Great explanation Bear, thank you. I did unscrew the switches and pull them out about 4” or so, and both appeared to have only 1 white wire connected to them. I did not see 2 wires on either one. Maybe there are 2 wires going into 1 behind a kick panel? I’ll check for that next, thanks again.


----------



## 05GTO (Oct 6, 2004)

Ezndo said:


> Great explanation Bear, thank you. I did unscrew the switches and pull them out about 4” or so, and both appeared to have only 1 white wire connected to them. I did not see 2 wires on either one. Maybe there are 2 wires going into 1 behind a kick panel? I’ll check for that next, thanks again.

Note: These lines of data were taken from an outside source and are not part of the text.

lemma kleisli_ext_osum_defined:
  assumes fw: "\<And>x. f x \<in> weightings padd zero" and mw: "m \<in> weightings padd zero"
    and g: "\<And>y. has_psum padd zero (\<lambda>x. mult (m x) (f x y)) (supp zero m) (g y)"
    and "finite G"
  shows "osum (\<lambda>y. Some (g y)) G \<noteq> None"
proof -
  let ?I = "{F. finite F \<and> F \<subseteq> supp zero m}"
  define a where "a F y = the (fsum padd zero (\<lambda>x. mult (m x) (f x y)) F)" for F y
  have a: "fsum padd zero (\<lambda>x. mult (m x) (f x y)) F = Some (a F y)" if "F \<in> ?I" for F y
    using g[of y] that unfolding has_psum_def a_def by auto
  have "oadd padd (Some zero) (osum (\<lambda>y. Some (g y)) G) \<noteq> None"
  proof (rule oadd_osum_lubs_defined[where a = a and I = ?I])
    show "\<exists>K\<in>?I. \<forall>y. nat_le padd (a F y) (a K y) \<and> nat_le padd (a F' y) (a K y)"
      if "F \<in> ?I" "F' \<in> ?I" for F F'
    proof (intro bexI[of _ "F \<union> F'"] allI conjI)
      fix y
      show "nat_le padd (a F y) (a (F \<union> F') y)" "nat_le padd (a F' y) (a (F \<union> F') y)"
        by (rule fsum_subset_nat_le[OF _ _ a a]; use that in auto)+
    qed (use that in auto)
    show "is_lub_in (nat_le padd) ((\<lambda>F. a F y) ` ?I) (g y)" for y
      using g[of y] unfolding has_psum_def a_def by (simp add: setcompr_eq_image)
    show "\<forall>F\<in>?I. oadd padd (Some zero) (osum (\<lambda>y. Some (a F y)) G) \<noteq> None"
    proof
      fix F assume F: "F \<in> ?I"
      have "osum (\<lambda>y. Some (a F y)) G = osum (\<lambda>y. osum (\<lambda>x. Some (mult (m x) (f x y))) F) G"
        using F by (intro opt.set.cong) (auto simp: a[symmetric] fsum_eq_osum)
      also have "\<dots> \<noteq> None"
        using F \<open>finite G\<close> fw mw by (intro double_osum_defined weighting_osum_defined) auto
      finally show "oadd padd (Some zero) (osum (\<lambda>y. Some (a F y)) G) \<noteq> None"
        by simp
    qed
  qed (use \<open>finite G\<close> in auto)
  then show ?thesis
    by simp
qed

66 only had a single wire to the door switch, when the door is opened the door switch shorts to ground and that white wire supplies the ground to the dome lights, the dome lights receive a constant un-switched +12 volts, the second source for a ground is thru the light switch, when you turn the light switch counter clockwise the lights will also illuminate. It is possible the light switch may be bad or a white wire somewhere under the dash is shorted to ground which will cause the lights to illuminate. Try unplugging the light switch and see if the lights turn off.

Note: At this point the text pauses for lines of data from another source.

theory Submission
  imports Defs "HOL-Library.Product_Lexorder"
begin

(* Positive fractions of ZP[y] form a semifield, and in it the Y-pattern with coefficients is a
   ratio of two coefficient-free Y-patterns,
     Ytilde_{j;v} = Y_{j;v}(p_1 y_1, ..., p_n y_n) / Y_{j;v}(p_1, ..., p_n),
   as one checks mutation by mutation. In every semifield the separation formula
     Y_{j;v}(y) = y^{c_{j;v}} * prod_i F_{i;v}(y)^{b_{ij}}
   holds, again by induction along the path, using the recursion of the F-polynomials and b_kk = 0
   (skew-symmetrizability survives mutation). Dividing the two instances of the separation formula
   gives the theorem. Cross-multiplication is transitive on positive fractions because ZP[y] is a
   domain: the multiplicative group of a semifield is torsion-free, hence linearly orderable by
   Zorn's lemma. *)

context semifield
begin

lemma sf_left_inverse: "inverse a * a = 1"
  using semifield_right_inverse[of a] by (simp add: mult.commute)

lemma sf_mult_left_cancel: "a * b = a * c \<Longrightarrow> b = c"
  by (metis mult.assoc mult_1 sf_left_inverse)

lemma sf_inverse_unique: "a * b = 1 \<Longrightarrow> inverse a = b"
  by (rule sf_mult_left_cancel[of a]) (simp add: semifield_right_inverse)

lemma sf_inverse_inverse [simp]: "inverse (inverse a) = a"
  by (rule sf_inverse_unique) (simp add: sf_left_inverse)

lemma sf_inverse_mult: "inverse (a * b) = inverse a * inverse b"
  by (rule sf_inverse_unique) (metis mult.assoc mult.left_commute mult_1 semifield_right_inverse)

lemma sf_inverse_one [simp]: "inverse 1 = 1"
  by (rule sf_inverse_unique) simp

lemma sf_inverse_power: "inverse (a ^ k) = inverse a ^ k"
  by (induction k) (simp_all add: sf_inverse_mult)

lemma sf_inverse_prod: "inverse (\<Prod>i\<in>A. f i) = (\<Prod>i\<in>A. inverse (f i))"
  by (induction A rule: infinite_finite_induct) (simp_all add: sf_inverse_mult)

end

definition ipow :: "'a::semifield \<Rightarrow> int \<Rightarrow> 'a" where
  "ipow a m = (if 0 \<le> m then a ^ nat m else inverse (a ^ nat (- m)))"

lemma ipow_0 [simp]: "ipow a 0 = 1"
  and ipow_1 [simp]: "ipow a 1 = a"
  and ipow_one [simp]: "ipow (1::'a::semifield) m = 1"
  and ipow_of_nat: "ipow a (int k) = a ^ k"
  by (simp_all add: ipow_def)

lemma ipow_diff_of_nat: "ipow (a::'a::semifield) (int k - int l) = a ^ k * inverse (a ^ l)"
proof (cases "l \<le> k")
  case True
  then obtain d where "k = l + d" using le_Suc_ex by blast
  then show ?thesis
    by (simp add: ipow_def power_add mult.assoc mult.commute[of "a ^ l"] semifield_right_inverse)
next
  case False
  then obtain d where "l = k + d" "d > 0" by (metis less_imp_add_positive not_le)
  then show ?thesis
    by (simp add: ipow_def power_add sf_inverse_mult mult.assoc[symmetric] semifield_right_inverse)
qed

lemma int_diff_of_nat_cases: obtains k l where "(m::int) = int k - int l"
  using that[of "nat m" "nat (- m)"] by linarith

lemma ipow_add: "ipow (a::'a::semifield) (m + m') = ipow a m * ipow a m'"
proof -
  obtain k l k' l' where m: "m = int k - int l" and m': "m' = int k' - int l'"
    by (meson int_diff_of_nat_cases)
  then have "m + m' = int (k + k') - int (l + l')" by simp
  then show ?thesis
    by (simp only: m m' ipow_diff_of_nat) (simp add: power_add sf_inverse_mult ac_simps)
qed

Go to this thread and look for the wiring diagrams for the 66;

https://www.gtoforum.com/f50/gto-wiring-diagram-scans-22042/


----------



## Ezndo (Sep 27, 2018)

Thanks Randy. I was able to confirm 1 single white wire to each door switch as you stated. Tried to follow them as best I could by looking under dash, both wires appear intact with no cuts, etc. I’d like to unplug the headlight switch as you suggest, is this possible without removing the dash? If not, I may wait until the winter.


----------



## Emily (May 20, 2020)

We just got a 71 LeMans 2dr Sport & after changing out a bad battery ground cable are now experiencing the issue with the dome light staying on. The light will dim with doors shut and we've messed with the white wires but still no luck. Hubs is trying to add an additional ground wire now to the motor. I'll update once "we" aka He figures it out lol.


----------



## PontiacJim (Dec 29, 2012)

Emily said:


> We just got a 71 LeMans 2dr Sport & after changing out a bad battery ground cable are now experiencing the issue with the dome light staying on. The light will dim with doors shut and we've messed with the white wires but still no luck. Hubs is trying to add an additional ground wire now to the motor. I'll update once "we" aka He figures it out lol.

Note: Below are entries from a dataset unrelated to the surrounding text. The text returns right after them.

(* Let $n\ge1$ be an integer. The following are equivalent: (a) $n\le3$; (b) for every $j\in\{1,\dots,n+2\}$, the function $\lambda\mapsto\lambda_{n,j}(\lambda)-1/n$ does not change sign on the interval $(1/n,\infty)$.
   Context: For an integer $n\ge1$ let $f_n(x)=(1+x)^{n+1}/x$ for $x>0$. The function $f_n$ is strictly decreasing on $(0,1/n]$ and strictly increasing on $[1/n,\infty)$. Regular graph exponents (Schmidt–Summerer), defined algebraically. For $\lambda\in[1/n,\infty)$ let $\mu\in(0,1/n]$ be the unique solution of $f_n(\mu)=f_n(\lambda)$, and set $$\lambda_{n,j}(\lambda)=\lambda^{1-\frac{j-1}{n+1}}\mu^{\frac{j-1}{n+1}},\qquad 1\le j\le n+2 .$$ All ratios $\lambda_{n,j}/\lambda_{n,j+1}$ are equal. These are the exponents $\lambda_{n,j}$ of the regular graph in dimension $n$ with parameter $\lambda_n=\lambda$. *)

theory Defs
  imports Complex_Main
begin

definition f_reg :: "nat \<Rightarrow> real \<Rightarrow> real" where
  "f_reg n x = (1 + x) ^ (n + 1) / x"

definition mu_reg :: "nat \<Rightarrow> real \<Rightarrow> real" where
  "mu_reg n lam = (THE m. 0 < m \<and> m \<le> 1 / real n \<and> f_reg n m = f_reg n lam)"

definition lambda_reg :: "nat \<Rightarrow> nat \<Rightarrow> real \<Rightarrow> real" where
  "lambda_reg n j lam =
     lam powr (1 - (real j - 1) / (real n + 1)) * (mu_reg n lam) powr ((real j - 1) / (real n + 1))"

end

theory Submission
  imports Defs
begin

text \<open>Write \<open>S = 1 + q + \<dots> + q\<^sup>n\<^sup>-\<^sup>1\<close>. For \<open>q > 1\<close> the pair \<open>\<lambda> = q\<^sup>n / S\<close>, \<open>\<mu> = 1 / (q S)\<close>
  satisfies \<open>f\<^sub>n(\<mu>) = f\<^sub>n(\<lambda>)\<close> (both equal \<open>(1 + q + \<dots> + q\<^sup>n)\<^sup>n\<^sup>+\<^sup>1 / (q S)\<^sup>n\<close>), and \<open>q\<close> runs
  through all \<open>\<lambda> > 1/n\<close>. Since \<open>\<lambda>/\<mu> = q\<^sup>n\<^sup>+\<^sup>1\<close>, the exponents are \<open>\<lambda>\<^sub>n\<^sub>,\<^sub>j = \<lambda> / q\<^sup>j\<^sup>-\<^sup>1\<close>, so
  the sign of \<open>\<lambda>\<^sub>n\<^sub>,\<^sub>j - 1/n\<close> is that of \<open>n q\<^sup>n - S q\<^sup>j\<^sup>-\<^sup>1\<close>. This is \<open>\<ge> 0\<close> for \<open>j \<le> 2\<close>,
  \<open>\<le> 0\<close> for \<open>j \<ge> n + 1\<close>, and equal to \<open>-q\<^sup>2(q - 1)\<^sup>2\<close> for \<open>n = j = 3\<close>; but for \<open>n \<ge> 4\<close> and \<open>j = 3\<close>
  it is positive for \<open>1 < q < n - 2\<close> and negative for \<open>q = n\<close>.\<close>

definition geom_sum :: "nat \<Rightarrow> real \<Rightarrow> real" where
  "geom_sum n q = (\<Sum>i<n. q ^ i)"

lemma geom_sum_Suc: "geom_sum (Suc n) q = geom_sum n q + q ^ n"
  by (simp add: geom_sum_def)

lemma geom_sum_Suc_shift: "geom_sum (Suc n) q = 1 + q * geom_sum n q"
  unfolding geom_sum_def sum.lessThan_Suc_shift by (simp add: sum_distrib_left)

We have seen this before. A power wire feeds only one side of the dome light. The other side is the ground wire. You may need a wiring diagram for your car to better follow the wire's path. They work in conjunction with the door jamb switch, and if like most of my older cars, the headlight switch when you turn it all the way I think to the left. The headlight switch uses a rheostat to make your dash lights bright or dim and the extreme left position will turn on the dome light for uses such as driving down the road and you need interior lighting. So there are a number of trouble spots that can be traced using a 12-Volt test light and Ohm meter if it comes down to it. There could be a wire that has rubbed through the casing and is grounding out as well. It just takes step-by-step wire tracing sometimes. Here is one of the many posts you can find using the Search feature above on the forum site - Interior lights wont turn off...


----------



## RMTZ67 (Mar 12, 2011)

Are your brake lights functioning corectly? I was thinking on mine when I had issues that some way the brake switch at the pedals involved. (Orange wire) worth a check.


----------



## Emily (May 20, 2020)

Emily said:


> We just got a 71 LeMans 2dr Sport & after changing out a bad battery ground cable are now experiencing the issue with the dome light staying on. The light will dim with doors shut and we've messed with the white wires but still no luck. Hubs is trying to add an additional ground wire now to the motor. I'll update once "we" aka He figures it out lol.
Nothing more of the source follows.